The country's top tax collector who has faced intense criticism from MPs, is quitting her post in April, the Government has announced. Dame Lin Homer, the chief executive of HM Revenue and Customs, was due to give evidence to MPs on Commons Public Accounts Committee on tax evasion on Wednesday afternoon this week. HMRC sources said Dame Lin had told Sir Jeremy Heywood, the Cabinet secretary, last summer of her intention to leave her job at the end of the tax year.

That explains the when of the DBE at least. However, consider this career path:

She qualified as a lawyer in 1980 whilst at Reading Borough Council. In 1982, she joined Hertfordshire County Council where she stayed for 15 years, rising to director of corporate services. She then left to join Suffolk County Council as chief executive in 1998. After four years at Suffolk, Homer went on to be the chief executive of Birmingham City Council in 2002[1] and joined the civil service in 2005.

There's a 36 year public sector pension pot there. And we've now got the new rules about pension pots that exceed £1 million in capital value. And those rules now bite on final salary schemes as well as defined contribution schemes. And once you've got up into the rarified atmosphere of the upper echelons of the civil service a £1 million pot is easy peasy to achieve. Which means that rather a number of those up there are in the same situation as this doctor:

With just two years to go until her minimum retirement age (55), having had the benefit of the generous salary-linked NHS scheme, Gillian has broken through the £1.25m maximum lifetime pension allowance. Anyone whose pension is valued at beyond that sum (which falls to £1m next April) faces penal tax.

When the penal taxation on the accrual of greater pension benefits is taken into account then the marginal tax rate starts to approach insane levels of 70 and above percent. At which point our old friend the Laffer Curve comes into play again and people become subject to the substitution effect. Why spend the Golden Age shuffling paper if I'm not in fact increasing my lifetime income by very much by doing so? So, they don't.

As we say, this is speculation on our part about Homer herself. But it is a real change in the incentives faced by such people. And there's a certain joy to all of this as well: the people who have been calling loudest for these reductions in the gentle tax treatment of pensions are those over on the left. Those who also tend to believe in the idea that senior civil servants are very important people indeed who should be well paid. Rather than what we think they are, our hirelings there simply to handle society's scut work.
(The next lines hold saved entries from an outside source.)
(* Let $S=\{s_1,\dots,s_{k_1}\}$ and $T=\{t_1,\dots,t_{k_2}\}$ be nonempty sets of positive integers and $d=\gcd\{s+t: s\in S,t\in T\}$. Then there exist integers $a_1,\dots,a_{k_1},b_1,\dots,b_{k_2}$ such that $$d=\sum_{i=1}^{k_1}a_is_i-\sum_{i=1}^{k_2}b_it_i\quad\text{and}\quad\sum_{i=1}^{k_1}a_i+\sum_{i=1}^{k_2}b_i=0.$$ *)

theory Defs
  imports Main
begin

end

theory Submission
  imports Defs "HOL-Computational_Algebra.Euclidean_Algorithm"
begin

text \<open>By Bezout, d is an integer combination \<open>\<Sum> c(s,t) (s + t)\<close> of the pairwise sums.
  Collecting terms, s receives the coefficient \<open>a s = \<Sum>\<^sub>t c(s,t)\<close> and t the coefficient
  \<open>-b t\<close> with \<open>b t = - \<Sum>\<^sub>s c(s,t)\<close>; then \<open>\<Sum> a\<close> and \<open>\<Sum> b\<close> are the same double sum
  with opposite signs.\<close>

lemma Gcd_image_linear_combination:
  fixes f :: "'a \<Rightarrow> 'b :: euclidean_ring_gcd"
  assumes "finite P"
  shows "\<exists>c. Gcd (f ` P) = (\<Sum>p\<in>P. c p * f p)"
  using assms
proof (induction P rule: finite_induct)
  case empty
  then show ?case by simp
next
  case (insert x P)
  then obtain c where c: "Gcd (f ` P) = (\<Sum>p\<in>P. c p * f p)" by blast
  obtain u v where uv: "u * f x + v * Gcd (f ` P) = gcd (f x) (Gcd (f ` P))"
    using bezout_coefficients_fst_snd by blast
  define c' where "c' = (\<lambda>p. if p = x then u else v * c p)"
  have "(\<Sum>p\<in>insert x P. c' p * f p) = u * f x + (\<Sum>p\<in>P. v * (c p * f p))"
    using insert by (auto simp: c'_def intro!: sum.cong)
  also have "\<dots> = Gcd (f ` insert x P)"
    using uv by (simp add: c sum_distrib_left Gcd_insert)
  finally show ?case by metis
qed

lemma sum_product_mult_add:
  fixes c :: "'a \<times> 'a \<Rightarrow> 'b :: comm_semiring_0" and g :: "'a \<Rightarrow> 'b"
  shows "(\<Sum>(s, t)\<in>S \<times> T. c (s, t) * (g s + g t)) =
         (\<Sum>s\<in>S. (\<Sum>t\<in>T. c (s, t)) * g s) + (\<Sum>t\<in>T. (\<Sum>s\<in>S. c (s, t)) * g t)"
proof -
  have "(\<Sum>(s, t)\<in>S \<times> T. c (s, t) * (g s + g t)) =
        (\<Sum>s\<in>S. \<Sum>t\<in>T. c (s, t) * g s) + (\<Sum>t\<in>T. \<Sum>s\<in>S. c (s, t) * g t)"
    by (simp add: sum.cartesian_product [symmetric] distrib_left sum.distrib sum.swap [of _ T S])
  then show ?thesis by (simp add: sum_distrib_right)
qed

theorem lemma4p1:
  fixes S T :: "int set"
  assumes "finite S" and "S \<noteq> {}" and "\<forall>s\<in>S. s > 0"
      and "finite T" and "T \<noteq> {}" and "\<forall>t\<in>T. t > 0"
      and "d = Gcd {s + t | s t. s \<in> S \<and> t \<in> T}"
  shows "\<exists>a b :: int \<Rightarrow> int.
           d = (\<Sum>s\<in>S. a s * s) - (\<Sum>t\<in>T. b t * t) \<and>
           (\<Sum>s\<in>S. a s) + (\<Sum>t\<in>T. b t) = 0"
proof -
  have "{s + t | s t. s \<in> S \<and> t \<in> T} = (\<lambda>(s, t). s + t) ` (S \<times> T)" by auto
  then obtain c where "d = (\<Sum>(s, t)\<in>S \<times> T. c (s, t) * (s + t))"
    using Gcd_image_linear_combination [of "S \<times> T" "\<lambda>(s, t). s + t"] assms(1,4,7)
    by (auto simp: case_prod_unfold)
  also have "\<dots> = (\<Sum>s\<in>S. (\<Sum>t\<in>T. c (s, t)) * s) - (\<Sum>t\<in>T. (- (\<Sum>s\<in>S. c (s, t))) * t)"
    using sum_product_mult_add [of c id S T] by (simp add: sum_negf)
  finally show ?thesis
    by (intro exI [of _ "\<lambda>s. \<Sum>t\<in>T. c (s, t)"] exI [of _ "\<lambda>t. - (\<Sum>s\<in>S. c (s, t))"])
      (simp add: sum_negf sum.swap [of _ S T])
qed

end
These tax changes will fall hardest upon those civil servants. Simply because they cannot opt out of greater pension accrual, unlike everyone in the private sector. Any one of us, when our pot limit is reached, can reach agreement with our employers to not add any more to our pensions: instead, just give us the cash. Not something possible for those locked into government and union approved contracts. Aw, diddums.

And perhaps this should be a lesson for those who scream loudly about tax reform: it's a complicated system, just as is the economy, and fiddling with one bit of it is highly likely to have unexpected effects elsewhere. You know, stop the fat cat FTSE directors amassing vast pension pots and you find senior civil servants all bailing out at 55.